::: Raw data :::
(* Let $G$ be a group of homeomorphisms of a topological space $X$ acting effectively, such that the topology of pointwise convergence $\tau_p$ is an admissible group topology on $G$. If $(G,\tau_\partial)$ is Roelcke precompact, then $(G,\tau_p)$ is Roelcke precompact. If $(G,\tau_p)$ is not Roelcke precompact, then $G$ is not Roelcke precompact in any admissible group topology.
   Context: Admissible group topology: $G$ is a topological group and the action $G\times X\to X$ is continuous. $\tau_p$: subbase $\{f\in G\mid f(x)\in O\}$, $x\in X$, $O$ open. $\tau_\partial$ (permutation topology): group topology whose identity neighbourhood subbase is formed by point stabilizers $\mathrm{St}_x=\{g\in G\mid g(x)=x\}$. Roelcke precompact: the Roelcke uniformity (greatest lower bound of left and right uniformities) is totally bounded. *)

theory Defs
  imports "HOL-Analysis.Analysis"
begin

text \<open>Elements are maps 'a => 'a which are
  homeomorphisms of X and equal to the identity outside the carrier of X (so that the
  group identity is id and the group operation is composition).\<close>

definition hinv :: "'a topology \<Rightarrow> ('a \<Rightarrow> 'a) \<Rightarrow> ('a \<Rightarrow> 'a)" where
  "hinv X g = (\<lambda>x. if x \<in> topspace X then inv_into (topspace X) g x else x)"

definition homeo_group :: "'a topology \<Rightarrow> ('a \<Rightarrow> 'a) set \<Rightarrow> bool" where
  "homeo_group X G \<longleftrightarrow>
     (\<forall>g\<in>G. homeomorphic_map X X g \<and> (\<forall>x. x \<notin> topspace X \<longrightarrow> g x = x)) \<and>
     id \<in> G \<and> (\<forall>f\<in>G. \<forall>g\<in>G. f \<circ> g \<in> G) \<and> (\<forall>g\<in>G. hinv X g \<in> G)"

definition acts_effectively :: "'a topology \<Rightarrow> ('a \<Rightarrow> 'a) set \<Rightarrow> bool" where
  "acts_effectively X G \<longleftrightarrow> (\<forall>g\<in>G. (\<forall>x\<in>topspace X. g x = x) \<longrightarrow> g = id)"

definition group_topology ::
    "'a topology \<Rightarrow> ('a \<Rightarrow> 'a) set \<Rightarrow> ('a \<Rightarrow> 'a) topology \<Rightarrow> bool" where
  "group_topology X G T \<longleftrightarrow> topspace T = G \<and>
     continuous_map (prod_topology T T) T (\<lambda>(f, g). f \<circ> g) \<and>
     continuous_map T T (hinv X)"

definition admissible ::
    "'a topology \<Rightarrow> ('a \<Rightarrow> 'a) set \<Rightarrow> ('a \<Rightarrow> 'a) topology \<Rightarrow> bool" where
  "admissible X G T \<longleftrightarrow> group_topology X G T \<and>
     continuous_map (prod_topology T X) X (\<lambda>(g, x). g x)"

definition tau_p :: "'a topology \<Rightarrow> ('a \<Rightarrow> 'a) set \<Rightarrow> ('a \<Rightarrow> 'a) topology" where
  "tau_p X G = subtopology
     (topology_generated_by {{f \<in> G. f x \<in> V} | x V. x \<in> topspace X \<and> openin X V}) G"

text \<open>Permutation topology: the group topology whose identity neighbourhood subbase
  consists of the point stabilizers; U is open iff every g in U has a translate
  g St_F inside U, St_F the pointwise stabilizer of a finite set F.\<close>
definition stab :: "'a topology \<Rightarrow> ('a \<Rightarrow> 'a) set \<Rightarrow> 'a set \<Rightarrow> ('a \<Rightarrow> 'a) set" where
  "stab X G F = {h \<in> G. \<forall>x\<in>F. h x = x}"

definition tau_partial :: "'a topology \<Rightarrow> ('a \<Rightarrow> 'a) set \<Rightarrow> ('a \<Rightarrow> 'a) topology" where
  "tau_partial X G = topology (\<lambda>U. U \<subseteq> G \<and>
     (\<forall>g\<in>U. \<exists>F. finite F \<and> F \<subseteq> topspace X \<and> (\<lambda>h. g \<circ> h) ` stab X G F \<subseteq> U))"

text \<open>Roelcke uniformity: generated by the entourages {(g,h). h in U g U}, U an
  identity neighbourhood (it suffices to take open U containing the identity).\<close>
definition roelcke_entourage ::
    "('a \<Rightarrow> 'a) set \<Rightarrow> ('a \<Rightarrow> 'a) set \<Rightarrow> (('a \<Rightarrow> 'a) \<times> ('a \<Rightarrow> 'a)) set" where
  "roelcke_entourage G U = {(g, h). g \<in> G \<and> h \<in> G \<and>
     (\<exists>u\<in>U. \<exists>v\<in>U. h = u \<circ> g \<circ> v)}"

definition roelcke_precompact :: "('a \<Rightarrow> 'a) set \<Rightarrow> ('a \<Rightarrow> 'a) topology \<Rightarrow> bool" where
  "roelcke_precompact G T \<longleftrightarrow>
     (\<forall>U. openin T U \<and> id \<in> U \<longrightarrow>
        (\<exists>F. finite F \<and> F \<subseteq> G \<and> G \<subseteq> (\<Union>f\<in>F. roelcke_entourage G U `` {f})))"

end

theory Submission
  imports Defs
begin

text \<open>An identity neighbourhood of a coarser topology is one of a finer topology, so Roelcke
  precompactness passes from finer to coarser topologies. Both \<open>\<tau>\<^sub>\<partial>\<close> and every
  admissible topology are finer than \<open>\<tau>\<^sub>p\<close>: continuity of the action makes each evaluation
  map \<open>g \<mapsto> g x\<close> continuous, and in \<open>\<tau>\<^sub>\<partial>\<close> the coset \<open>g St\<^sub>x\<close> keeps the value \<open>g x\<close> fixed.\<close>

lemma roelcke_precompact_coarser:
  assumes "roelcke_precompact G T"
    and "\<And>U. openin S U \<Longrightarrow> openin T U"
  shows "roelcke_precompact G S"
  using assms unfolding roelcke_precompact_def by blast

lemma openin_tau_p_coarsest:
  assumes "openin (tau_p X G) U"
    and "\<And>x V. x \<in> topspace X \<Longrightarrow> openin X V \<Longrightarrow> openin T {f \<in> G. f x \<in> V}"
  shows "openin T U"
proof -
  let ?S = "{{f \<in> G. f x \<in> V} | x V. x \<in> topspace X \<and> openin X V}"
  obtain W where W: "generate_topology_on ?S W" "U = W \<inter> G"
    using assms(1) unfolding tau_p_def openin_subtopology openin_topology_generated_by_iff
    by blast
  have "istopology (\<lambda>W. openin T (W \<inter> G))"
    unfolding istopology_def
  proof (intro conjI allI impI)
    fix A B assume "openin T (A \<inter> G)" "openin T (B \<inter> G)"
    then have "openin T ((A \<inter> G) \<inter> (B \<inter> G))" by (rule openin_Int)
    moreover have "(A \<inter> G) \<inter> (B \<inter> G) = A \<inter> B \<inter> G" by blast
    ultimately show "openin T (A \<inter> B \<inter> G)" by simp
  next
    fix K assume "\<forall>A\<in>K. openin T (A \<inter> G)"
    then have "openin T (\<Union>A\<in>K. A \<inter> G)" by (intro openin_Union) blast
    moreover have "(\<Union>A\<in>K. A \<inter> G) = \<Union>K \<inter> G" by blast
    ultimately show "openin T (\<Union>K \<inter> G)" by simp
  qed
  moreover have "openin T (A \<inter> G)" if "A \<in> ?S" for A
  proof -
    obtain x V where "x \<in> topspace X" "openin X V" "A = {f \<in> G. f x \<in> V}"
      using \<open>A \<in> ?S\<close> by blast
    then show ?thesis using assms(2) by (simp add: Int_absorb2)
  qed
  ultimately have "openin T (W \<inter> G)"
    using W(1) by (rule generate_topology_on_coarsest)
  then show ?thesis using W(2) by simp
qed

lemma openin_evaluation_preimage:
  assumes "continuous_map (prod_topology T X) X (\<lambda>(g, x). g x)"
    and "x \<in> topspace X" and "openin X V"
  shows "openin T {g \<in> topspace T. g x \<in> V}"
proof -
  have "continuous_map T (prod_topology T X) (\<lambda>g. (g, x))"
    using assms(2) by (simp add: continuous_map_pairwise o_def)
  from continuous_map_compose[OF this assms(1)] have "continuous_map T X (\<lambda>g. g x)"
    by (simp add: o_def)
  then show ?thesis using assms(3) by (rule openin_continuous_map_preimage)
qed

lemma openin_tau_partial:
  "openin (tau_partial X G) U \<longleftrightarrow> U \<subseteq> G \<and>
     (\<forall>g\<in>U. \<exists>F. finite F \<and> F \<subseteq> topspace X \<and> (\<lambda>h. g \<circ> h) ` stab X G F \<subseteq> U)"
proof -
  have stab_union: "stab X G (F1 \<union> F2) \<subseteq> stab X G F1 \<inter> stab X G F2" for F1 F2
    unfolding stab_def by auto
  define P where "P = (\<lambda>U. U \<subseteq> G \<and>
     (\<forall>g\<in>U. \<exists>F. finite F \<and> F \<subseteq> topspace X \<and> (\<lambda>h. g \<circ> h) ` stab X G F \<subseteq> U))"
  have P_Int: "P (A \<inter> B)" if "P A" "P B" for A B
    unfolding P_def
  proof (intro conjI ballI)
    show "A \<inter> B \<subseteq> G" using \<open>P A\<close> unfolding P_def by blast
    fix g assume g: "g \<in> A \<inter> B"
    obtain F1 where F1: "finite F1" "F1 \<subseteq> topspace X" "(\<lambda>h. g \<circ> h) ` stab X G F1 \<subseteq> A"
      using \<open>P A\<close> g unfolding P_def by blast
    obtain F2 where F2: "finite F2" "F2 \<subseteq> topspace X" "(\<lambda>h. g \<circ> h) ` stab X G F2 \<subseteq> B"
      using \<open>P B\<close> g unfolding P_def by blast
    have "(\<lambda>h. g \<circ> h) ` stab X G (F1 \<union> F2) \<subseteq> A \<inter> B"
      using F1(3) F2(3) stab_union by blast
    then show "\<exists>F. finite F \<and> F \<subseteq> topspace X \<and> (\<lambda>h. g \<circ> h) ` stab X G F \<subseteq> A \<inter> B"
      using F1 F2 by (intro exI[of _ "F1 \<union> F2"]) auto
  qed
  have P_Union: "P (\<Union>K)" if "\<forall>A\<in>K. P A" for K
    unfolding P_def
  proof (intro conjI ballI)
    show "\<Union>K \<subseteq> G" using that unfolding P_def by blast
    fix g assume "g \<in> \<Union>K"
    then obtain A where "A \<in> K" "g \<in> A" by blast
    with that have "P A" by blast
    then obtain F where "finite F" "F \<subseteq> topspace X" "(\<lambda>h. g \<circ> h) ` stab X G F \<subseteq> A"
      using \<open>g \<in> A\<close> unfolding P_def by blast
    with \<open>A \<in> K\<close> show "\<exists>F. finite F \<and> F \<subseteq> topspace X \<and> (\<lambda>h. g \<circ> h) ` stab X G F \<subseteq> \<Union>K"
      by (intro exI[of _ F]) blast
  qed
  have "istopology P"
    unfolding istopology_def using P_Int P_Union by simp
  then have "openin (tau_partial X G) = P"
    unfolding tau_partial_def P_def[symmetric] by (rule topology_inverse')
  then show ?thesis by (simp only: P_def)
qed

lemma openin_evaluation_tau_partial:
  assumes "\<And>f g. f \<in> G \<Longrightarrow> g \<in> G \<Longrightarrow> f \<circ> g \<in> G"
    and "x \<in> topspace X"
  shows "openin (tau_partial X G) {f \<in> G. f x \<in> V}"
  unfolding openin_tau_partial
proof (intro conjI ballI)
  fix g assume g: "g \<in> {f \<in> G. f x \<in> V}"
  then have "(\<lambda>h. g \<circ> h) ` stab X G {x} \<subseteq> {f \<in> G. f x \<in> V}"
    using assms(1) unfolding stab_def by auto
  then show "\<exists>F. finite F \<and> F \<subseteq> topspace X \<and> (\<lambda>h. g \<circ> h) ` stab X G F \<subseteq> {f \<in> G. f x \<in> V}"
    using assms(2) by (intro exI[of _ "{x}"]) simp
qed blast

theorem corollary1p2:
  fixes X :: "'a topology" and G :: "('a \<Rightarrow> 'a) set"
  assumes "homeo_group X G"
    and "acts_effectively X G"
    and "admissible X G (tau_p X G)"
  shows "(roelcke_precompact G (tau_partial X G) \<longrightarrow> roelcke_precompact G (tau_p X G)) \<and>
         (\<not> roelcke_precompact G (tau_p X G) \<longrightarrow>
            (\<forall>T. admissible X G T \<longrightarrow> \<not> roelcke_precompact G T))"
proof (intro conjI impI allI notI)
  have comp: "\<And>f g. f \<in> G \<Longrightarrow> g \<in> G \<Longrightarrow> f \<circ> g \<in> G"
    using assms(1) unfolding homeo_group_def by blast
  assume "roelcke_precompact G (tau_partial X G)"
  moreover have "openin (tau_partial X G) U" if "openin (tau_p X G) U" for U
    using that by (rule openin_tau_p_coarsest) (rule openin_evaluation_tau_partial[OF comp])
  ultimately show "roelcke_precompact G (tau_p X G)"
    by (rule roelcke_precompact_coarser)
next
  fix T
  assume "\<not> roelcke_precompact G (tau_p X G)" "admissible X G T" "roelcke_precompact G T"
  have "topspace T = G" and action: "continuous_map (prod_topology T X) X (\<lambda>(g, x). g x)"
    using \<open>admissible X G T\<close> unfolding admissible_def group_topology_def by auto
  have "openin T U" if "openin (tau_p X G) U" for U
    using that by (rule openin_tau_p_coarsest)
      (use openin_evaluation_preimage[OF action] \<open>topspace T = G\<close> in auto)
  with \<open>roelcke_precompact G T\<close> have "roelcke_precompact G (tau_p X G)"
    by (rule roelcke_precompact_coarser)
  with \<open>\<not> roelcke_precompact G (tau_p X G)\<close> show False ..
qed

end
:::
Copy each line above where the string "that" occurs.

# Written answer
(* Let $G$ be a group of homeomorphisms of a topological space $X$ acting effectively, such that the topology of pointwise convergence $\tau_p$ is an admissible group topology on $G$. If $(G,\tau_\partial)$ is Roelcke precompact, then $(G,\tau_p)$ is Roelcke precompact. If $(G,\tau_p)$ is not Roelcke precompact, then $G$ is not Roelcke precompact in any admissible group topology.
  homeomorphisms of X and equal to the identity outside the carrier of X (so that the
    show "\<Union>K \<subseteq> G" using that unfolding P_def by blast
    with that have "P A" by blast
    using that by (rule openin_tau_p_coarsest) (rule openin_evaluation_tau_partial[OF comp])
    using that by (rule openin_tau_p_coarsest)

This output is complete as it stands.